Don't get discouraged! Especially since there is an upstream in this case who should be fairly easy to find and contact, it's a project and not just one person with an outdated email address...

Ryan

On Sun, Oct 23, 2022, 8:39 AM Fabio Fantoni <fantonifabio@tiscali.it> wrote:
Il 23/10/2022 04:04, Paul Wise ha scritto:
> On Sat, 2022-10-22 at 15:59 +0200, Fabio Fantoni wrote:
>
>> Which would be the best tool(s) to get a good starting debian/copyright
>> and decrease the time it takes to complete and fix it?
> Allegedly scancode is the best option for that, but it isn't in Debian.
> I think decopy/licensecheck are the best ones already in Debian.
>
> https://wiki.debian.org/CopyrightReviewTools
> https://github.com/nexB/scancode-toolkit/
>
> Personally I afterwards manually review each file and check all of the
> details, since the Debian archive admins will be doing that anyway.
> I find that a keyboard-driven file manager like mc works for this.
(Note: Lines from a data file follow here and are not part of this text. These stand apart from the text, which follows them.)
(* There exists a probability function $w$ on $SL_3$ satisfying Constant Exchangeability and Predicate Exchangeability (Px) but not Strong Predicate Exchangeability (SPx). Concretely, with the atoms of $L_3$ listed in lexicographic order $\alpha_1,\dots,\alpha_8$ and $\vec b=\langle \tfrac1{19},\tfrac2{19},\tfrac4{19},\tfrac5{19},\tfrac2{19},\tfrac3{19},\tfrac1{19},\tfrac1{19}\rangle$, the function $w=\frac16\sum_{\sigma}w_{\sigma\vec b}$ (sum over the six permutations of atoms induced by permutations of the predicates $P_1,P_2,P_3$) satisfies Px, while the state descriptions $\Theta=\alpha_2(a_1)\wedge\alpha_4(a_2)\wedge\alpha_5(a_3)\wedge\alpha_7(a_4)\wedge\alpha_7(a_5)$ and $\Phi=\alpha_3(a_1)\wedge\alpha_5(a_2)\wedge\alpha_6(a_3)\wedge\alpha_6(a_4)\wedge\alpha_7(a_5)$ have the same P-spectrum but $w(\Theta)\neq w(\Phi)$.
   Context: $L_q$ is the first-order language with unary predicates $P_1,\dots,P_q$ and constants $a_1,a_2,\dots$. Atoms $\alpha(x)=\bigwedge_{i=1}^q\pm P_i(x)$ are ordered lexicographically: $\alpha_1=\bigwedge P_i$, $\alpha_2=P_1\wedge\dots\wedge P_{q-1}\wedge\neg P_q$, etc., up to $\alpha_{2^q}=\bigwedge\neg P_i$. State descriptions are $\bigwedge_{i=1}^n\alpha_{h_i}(a_i)$. For $\vec x=\langle x_1,\dots,x_{2^q}\rangle$ with $x_j\ge0$, $\sum x_j=1$, the de Finetti function $w_{\vec x}$ is the probability function with $w_{\vec x}(\bigwedge_{i=1}^n\alpha_{h_i}(a_i))=\prod_{i=1}^n x_{h_i}$; a permutation $\sigma$ of atoms acts by $(\sigma\vec x)_{\sigma(j)}=x_j$. $\gamma_q(\alpha)$ is the number of negated predicates in $\alpha$. Px: $w$ is invariant under permuting the predicate symbols in sentences. P-spectrum of $\Theta=\bigwedge_k\alpha_{h_k}(a_k)$: for each $i\in\{0,\dots,q\}$, let $M_i$ be the multiset of sizes of the classes of the relation "$a_k\sim a_l\iff h_k=h_l$" on the constants whose atom has exactly $i$ negations; the P-spectrum is $\langle M_0,\dots,M_q\rangle$. SPx: $w(\Theta)=w(\Phi)$ whenever $\Theta,\Phi$ are state descriptions for the same constants with the same P-spectrum. *)

theory Defs
  imports Complex_Main "HOL-Combinatorics.Permutations" "HOL-Library.Multiset"
begin
(* Averaging the bound over [a, a + delta]:
   delta W(a + delta) \<le> integral of W over [a, a + delta] \<le> beta (W(a) - W(a + delta)). *)
lemma tail_integral_contraction:
  fixes g :: "real \<Rightarrow> real"
  assumes meas: "set_borel_measurable lborel {a..T} g"
    and bound: "\<And>s. a \<le> s \<Longrightarrow> s \<le> T \<Longrightarrow>
                  (\<integral>\<^sup>+ r\<in>{s..T}. ennreal (g r) \<partial>lborel) \<le> ennreal (beta * g s)"
    and "0 < beta" "0 < delta" "a + delta \<le> T"
  shows "(\<integral>\<^sup>+ r\<in>{a + delta..T}. ennreal (g r) \<partial>lborel)
       \<le> ennreal (beta / (beta + delta)) * (\<integral>\<^sup>+ r\<in>{a..T}. ennreal (g r) \<partial>lborel)"
proof -
  define W where "W s = (\<integral>\<^sup>+ r\<in>{s..T}. ennreal (g r) \<partial>lborel)" for s
  define I where "I = (\<integral>\<^sup>+ r\<in>{a..a + delta}. ennreal (g r) \<partial>lborel)"
  have split: "W a = I + W (a + delta)"
    unfolding W_def I_def
    by (rule set_nn_integral_interval_split[OF meas]) (use assms in auto)
  have "ennreal delta * W (a + delta) = (\<integral>\<^sup>+ r. W (a + delta) * indicator {a..a + delta} r \<partial>lborel)"
    using assms by (simp add: nn_integral_cmult_indicator mult.commute)
  also have "\<dots> \<le> (\<integral>\<^sup>+ r\<in>{a..a + delta}. W r \<partial>lborel)"
  proof (intro nn_integral_mono)
    have "W (a + delta) \<le> W r" if "r \<le> a + delta" for r
      unfolding W_def using that by (intro nn_integral_mono) (auto split: split_indicator)
    then show "\<And>r. W (a + delta) * indicator {a..a + delta} r \<le> W r * indicator {a..a + delta} r"
      by (auto split: split_indicator)
  qed
  also have "\<dots> \<le> (\<integral>\<^sup>+ r\<in>{a..a + delta}. ennreal beta * ennreal (g r) \<partial>lborel)"
    unfolding W_def using bound assms
    by (intro nn_integral_mono) (auto split: split_indicator simp: ennreal_mult')
  also have "\<dots> = ennreal beta * I"
  proof -
    have "set_borel_measurable lborel {a..a + delta} g"
      by (rule set_borel_measurable_subset[OF meas]) (use assms in auto)
    from set_borel_measurable_ennreal[OF this] show ?thesis
      unfolding I_def mult.assoc by (simp add: nn_integral_cmult)
  qed
  finally have "ennreal delta * W (a + delta) \<le> ennreal beta * I" .
  then have "ennreal (beta + delta) * W (a + delta) \<le> ennreal beta * W a"
    using assms by (simp add: split ennreal_plus distrib_left distrib_right add_mono)
  then have "ennreal (1 / (beta + delta)) * (ennreal (beta + delta) * W (a + delta))
      \<le> ennreal (1 / (beta + delta)) * (ennreal beta * W a)"
    by (rule mult_left_mono) simp
  moreover have "ennreal (1 / (beta + delta)) * ennreal (beta + delta) = 1"
    and "ennreal (1 / (beta + delta)) * ennreal beta = ennreal (beta / (beta + delta))"
    using assms by (subst ennreal_mult[symmetric]; simp)+
  ultimately show ?thesis
    unfolding W_def by (simp add: mult.assoc[symmetric])
qed
(* Let $\Delta\geq 3$ be an integer and let $G$ be a triangle-free $\Delta$-regular graph. Then $$\alpha(G)\geq \frac{1}{2}\left(1+\frac{(\Delta-1)(\Delta+1)}{2^{\Delta}\Delta^2+(\Delta-1)(\Delta+1)}\right)\mathrm{diss}(G).$$
   Context: All graphs are finite, simple and undirected. $\alpha(G)$ is the independence number. A set $D$ of vertices is a dissociation set if the induced subgraph $G[D]$ has maximum degree at most $1$; $\mathrm{diss}(G)$ is the maximum order of a dissociation set. *)

theory Defs
  imports Complex_Main
begin

definition simple_graph :: "'a set \<Rightarrow> ('a \<Rightarrow> 'a \<Rightarrow> bool) \<Rightarrow> bool" where
  "simple_graph V E \<longleftrightarrow> finite V \<and> (\<forall>x y. E x y \<longrightarrow> x \<in> V \<and> y \<in> V)
     \<and> (\<forall>x y. E x y \<longrightarrow> E y x) \<and> (\<forall>x. \<not> E x x)"

definition neighbours :: "'a set \<Rightarrow> ('a \<Rightarrow> 'a \<Rightarrow> bool) \<Rightarrow> 'a \<Rightarrow> 'a set" where
  "neighbours V E v = {u \<in> V. E v u}"

definition regular :: "'a set \<Rightarrow> ('a \<Rightarrow> 'a \<Rightarrow> bool) \<Rightarrow> nat \<Rightarrow> bool" where
  "regular V E d \<longleftrightarrow> (\<forall>v \<in> V. card (neighbours V E v) = d)"

definition triangle_free :: "'a set \<Rightarrow> ('a \<Rightarrow> 'a \<Rightarrow> bool) \<Rightarrow> bool" where
  "triangle_free V E \<longleftrightarrow> \<not> (\<exists>x\<in>V. \<exists>y\<in>V. \<exists>z\<in>V. E x y \<and> E y z \<and> E x z)"

definition independent_set :: "'a set \<Rightarrow> ('a \<Rightarrow> 'a \<Rightarrow> bool) \<Rightarrow> 'a set \<Rightarrow> bool" where
  "independent_set V E S \<longleftrightarrow> S \<subseteq> V \<and> (\<forall>x\<in>S. \<forall>y\<in>S. \<not> E x y)"

definition dissociation_set :: "'a set \<Rightarrow> ('a \<Rightarrow> 'a \<Rightarrow> bool) \<Rightarrow> 'a set \<Rightarrow> bool" where
  "dissociation_set V E D \<longleftrightarrow> D \<subseteq> V \<and> (\<forall>v\<in>D. card (neighbours D E v) \<le> 1)"

definition alpha :: "'a set \<Rightarrow> ('a \<Rightarrow> 'a \<Rightarrow> bool) \<Rightarrow> nat" where
  "alpha V E = Max (card ` {S. independent_set V E S})"

definition diss :: "'a set \<Rightarrow> ('a \<Rightarrow> 'a \<Rightarrow> bool) \<Rightarrow> nat" where
  "diss V E = Max (card ` {D. dissociation_set V E D})"

end

theory Submission
  imports Defs
begin

text \<open>
  Fix a dissociation set \<open>D\<close>; it splits into the set \<open>I\<close> of vertices isolated in \<open>G[D]\<close> and the
  vertices of a matching with \<open>m\<close> edges, so \<open>|D| = |I| + 2m\<close>. Choosing one endpoint of every
  matching edge uniformly at random gives an independent set of size \<open>|I| + m\<close> inside \<open>D\<close>. A vertex
  \<open>w\<close> outside \<open>D\<close> without neighbours in \<open>I\<close> and with \<open>k\<close> neighbours in the matching has no
  neighbour among the chosen endpoints with probability \<open>2\<^sup>-\<^sup>k\<close>, because by triangle-freeness it
  sees at most one endpoint of each matching edge. Such free vertices have at most \<open>\<Delta> - k\<close>
  neighbours among themselves, so Caro-Wei extends the independent set by
  \<open>\<Sum> 1 / ((\<Delta> - k + 1) 2\<^sup>k) \<ge> \<Sum> k / (2\<^sup>\<Delta> \<Delta>)\<close> in expectation. Counting the \<open>2m(\<Delta> - 1)\<close> edges from
  the matching to the outside, at most \<open>|I| \<Delta> (\<Delta> - 1)\<close> of which end at neighbours of \<open>I\<close>,
  shows that the gain is large whenever \<open>m\<close> is large compared to \<open>|I|\<close>.
\<close>

lemma caro_wei_degree_bound:
  fixes F :: "'a set" and b :: "'a \<Rightarrow> nat" and E :: "'a \<Rightarrow> 'a \<Rightarrow> bool"
  assumes "finite F" and "\<And>w. w \<in> F \<Longrightarrow> card {u\<in>F. E w u} \<le> b w"
    and sym: "\<And>x y. E x y \<Longrightarrow> E y x" and irrefl: "\<And>x. \<not> E x x"
  shows "\<exists>S\<subseteq>F. (\<forall>x\<in>S. \<forall>y\<in>S. \<not> E x y) \<and> (\<Sum>w\<in>F. 1 / (real (b w) + 1)) \<le> real (card S)"
  using assms(1,2)
proof (induction "card F" arbitrary: F rule: less_induct)
  case less
  show ?case
  proof (cases "F = {}")
    case True
    then show ?thesis by auto
  next
    case False
    then obtain v where v: "v \<in> F" and v_min: "\<And>u. u \<in> F \<Longrightarrow> b v \<le> b u"
      using ex_has_least_nat[of "\<lambda>v. v \<in> F" _ b] by blast
    define N where "N = insert v {u\<in>F. E v u}"
    define F' where "F' = F - N"
    have N_F: "N \<subseteq> F" using v unfolding N_def by auto
    have fin_F': "finite F'" using less.prems(1) unfolding F'_def by simp
    have smaller: "card F' < card F"
      using less.prems(1) v unfolding F'_def N_def by (intro psubset_card_mono) auto
    have deg': "card {u\<in>F'. E w u} \<le> b w" if "w \<in> F'" for w
    proof -
      have "card {u\<in>F'. E w u} \<le> card {u\<in>F. E w u}"
        using less.prems(1) unfolding F'_def by (intro card_mono) auto
      then show ?thesis using less.prems(2) that unfolding F'_def by fastforce
    qed
    obtain S' where S': "S' \<subseteq> F'" "\<forall>x\<in>S'. \<forall>y\<in>S'. \<not> E x y"
      "(\<Sum>w\<in>F'. 1 / (real (b w) + 1)) \<le> real (card S')"
      using less.hyps[OF smaller fin_F' deg'] by blast
    have sub: "insert v S' \<subseteq> F" using S'(1) v unfolding F'_def by auto
    have indep: "\<forall>x\<in>insert v S'. \<forall>y\<in>insert v S'. \<not> E x y"
    proof -
      have "\<not> E v y" if "y \<in> S'" for y
        using that S'(1) unfolding F'_def N_def by auto
      then show ?thesis using S'(2) irrefl sym by blast
    qed
    have N_gain: "(\<Sum>w\<in>N. 1 / (real (b w) + 1)) \<le> 1"
    proof -
      have "(\<Sum>w\<in>N. 1 / (real (b w) + 1)) \<le> (\<Sum>w\<in>N. 1 / (real (b v) + 1))"
        using v_min N_F by (intro sum_mono divide_left_mono) auto
      also have "\<dots> = real (card N) / (real (b v) + 1)" by simp
      also have "\<dots> \<le> 1"
        using less.prems(2)[OF v] irrefl finite_subset[OF N_F less.prems(1)]
        unfolding N_def by simp
      finally show ?thesis .
    qed
    have "card (insert v S') = card S' + 1"
      using S'(1) finite_subset[OF S'(1) fin_F'] unfolding F'_def N_def
      by (subst card_insert_disjoint) auto
    moreover have "(\<Sum>w\<in>F. 1 / (real (b w) + 1))
        = (\<Sum>w\<in>F'. 1 / (real (b w) + 1)) + (\<Sum>w\<in>N. 1 / (real (b w) + 1))"
      using sum.subset_diff[OF N_F less.prems(1)] unfolding F'_def by simp
    ultimately have "(\<Sum>w\<in>F. 1 / (real (b w) + 1)) \<le> real (card (insert v S'))"
      using S'(3) N_gain by simp
    then show ?thesis using sub indep by blast
  qed
qed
Thanks for reply, some manual checks can be ok, but when you start
having difficulties and it takes more time for debian/copyright alone
than all the rest of the packaging I think it is unpleasant and
unproductive.

then when the files are thousands or more manually checking each one
would be impossible as time

>
>> decopy spotted one file (usr/share/icons/Mint-X/apps/96/miro.svg) with
>> license "CC-BY", I tried a search for found the specific license used
>> but I not found, in mint-theme instead for example about a license doubt
>> I went to look for the origin and I found it and solved it
>> (https://salsa.debian.org/cinnamon-team/mint-themes/-/commit/dcf71951df39f326ea9057d39095f7e94926bf19),
>> regarding this file, however, the site mentioned inside no longer exists
>> and therefore I have not found a certain answer.
> All the sites mentioned in that commit work for me:
>
> https://github.com/shimmerproject/Greybird
> https://shimmerproject.org/

the commit linked about mint-theme was a search I did successfull (as
example) intead about mint-x-icons was not

>
>> there are also some other files with "creative common" found inside it
>> with a grep but that was not spotted by decopy and also in these there
>> aren't details on the exact license
> Might be worth filing bugs on decopy about these missing detections.

done, seems that decopy spotted only the one file with:

<!-- License: creative commons attribution -->

and not:

xmlns:cc="http://creativecommons.org/ns#"

that with a grep seems in 1872 files

>
> As Andrew says, best ask upstream about any unclear licenses.